Go through the records and report each line holding the string "definition".

[[ DATA UNDER STUDY, beginning ]]

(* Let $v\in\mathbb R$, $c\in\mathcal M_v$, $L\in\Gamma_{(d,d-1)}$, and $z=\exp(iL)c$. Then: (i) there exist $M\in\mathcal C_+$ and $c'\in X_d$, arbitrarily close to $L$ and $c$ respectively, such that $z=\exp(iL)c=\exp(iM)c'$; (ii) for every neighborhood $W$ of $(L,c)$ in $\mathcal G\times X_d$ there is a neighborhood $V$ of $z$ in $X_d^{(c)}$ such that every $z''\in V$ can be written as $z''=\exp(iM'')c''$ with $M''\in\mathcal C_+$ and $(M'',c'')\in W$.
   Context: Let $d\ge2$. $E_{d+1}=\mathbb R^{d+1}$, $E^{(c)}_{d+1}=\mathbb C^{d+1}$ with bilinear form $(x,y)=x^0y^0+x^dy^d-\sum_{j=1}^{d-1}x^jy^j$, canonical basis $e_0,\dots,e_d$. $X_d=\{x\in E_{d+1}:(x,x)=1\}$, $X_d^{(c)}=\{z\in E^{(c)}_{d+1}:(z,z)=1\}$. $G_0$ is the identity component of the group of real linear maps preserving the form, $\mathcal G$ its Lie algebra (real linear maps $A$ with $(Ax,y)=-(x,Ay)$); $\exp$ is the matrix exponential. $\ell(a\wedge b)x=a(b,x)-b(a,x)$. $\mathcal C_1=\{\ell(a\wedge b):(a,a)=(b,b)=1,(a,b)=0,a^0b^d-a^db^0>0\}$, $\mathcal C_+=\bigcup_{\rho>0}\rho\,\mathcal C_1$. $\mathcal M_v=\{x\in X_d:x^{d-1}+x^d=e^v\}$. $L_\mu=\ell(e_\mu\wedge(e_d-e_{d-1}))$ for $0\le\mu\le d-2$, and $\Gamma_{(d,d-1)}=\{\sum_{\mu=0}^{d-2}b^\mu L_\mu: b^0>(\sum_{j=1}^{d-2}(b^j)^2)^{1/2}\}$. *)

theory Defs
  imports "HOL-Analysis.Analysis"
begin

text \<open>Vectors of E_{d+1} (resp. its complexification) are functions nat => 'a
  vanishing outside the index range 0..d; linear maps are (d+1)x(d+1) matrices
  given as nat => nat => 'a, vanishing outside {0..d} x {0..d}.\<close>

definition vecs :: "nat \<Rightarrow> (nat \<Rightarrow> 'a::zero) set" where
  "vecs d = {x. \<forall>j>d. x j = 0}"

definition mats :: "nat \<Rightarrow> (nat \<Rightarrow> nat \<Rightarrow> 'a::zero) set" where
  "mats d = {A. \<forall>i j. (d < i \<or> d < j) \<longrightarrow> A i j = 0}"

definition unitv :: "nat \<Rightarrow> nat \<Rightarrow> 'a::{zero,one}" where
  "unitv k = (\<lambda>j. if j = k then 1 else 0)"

[[ DATA UNDER STUDY, end ]]
[[ DATA UNDER STUDY, beginning ]]

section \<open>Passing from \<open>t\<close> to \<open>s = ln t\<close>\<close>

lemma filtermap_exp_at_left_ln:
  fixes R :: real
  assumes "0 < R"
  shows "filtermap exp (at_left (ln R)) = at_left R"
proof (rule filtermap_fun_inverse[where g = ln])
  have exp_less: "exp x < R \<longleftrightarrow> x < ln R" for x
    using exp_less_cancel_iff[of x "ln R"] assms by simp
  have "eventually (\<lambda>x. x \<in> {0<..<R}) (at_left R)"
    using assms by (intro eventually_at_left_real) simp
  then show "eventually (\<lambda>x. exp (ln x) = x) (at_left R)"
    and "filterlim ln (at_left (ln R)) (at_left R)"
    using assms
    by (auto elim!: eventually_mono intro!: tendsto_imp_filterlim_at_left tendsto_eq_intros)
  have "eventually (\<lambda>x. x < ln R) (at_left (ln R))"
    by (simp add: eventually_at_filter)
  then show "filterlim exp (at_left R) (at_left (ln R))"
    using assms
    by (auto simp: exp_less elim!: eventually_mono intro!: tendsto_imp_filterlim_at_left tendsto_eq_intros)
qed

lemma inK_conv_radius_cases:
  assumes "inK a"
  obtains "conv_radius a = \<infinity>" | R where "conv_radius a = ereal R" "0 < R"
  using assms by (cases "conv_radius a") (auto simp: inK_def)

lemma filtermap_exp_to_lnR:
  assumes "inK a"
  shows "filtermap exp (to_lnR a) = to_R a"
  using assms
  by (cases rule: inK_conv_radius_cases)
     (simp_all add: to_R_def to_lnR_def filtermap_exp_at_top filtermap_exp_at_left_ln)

[[ DATA UNDER STUDY, end ]]

**YOUR RESPONSE:**
definition vecs :: "nat \<Rightarrow> (nat \<Rightarrow> 'a::zero) set" where
definition mats :: "nat \<Rightarrow> (nat \<Rightarrow> nat \<Rightarrow> 'a::zero) set" where
definition unitv :: "nat \<Rightarrow> nat \<Rightarrow> 'a::{zero,one}" where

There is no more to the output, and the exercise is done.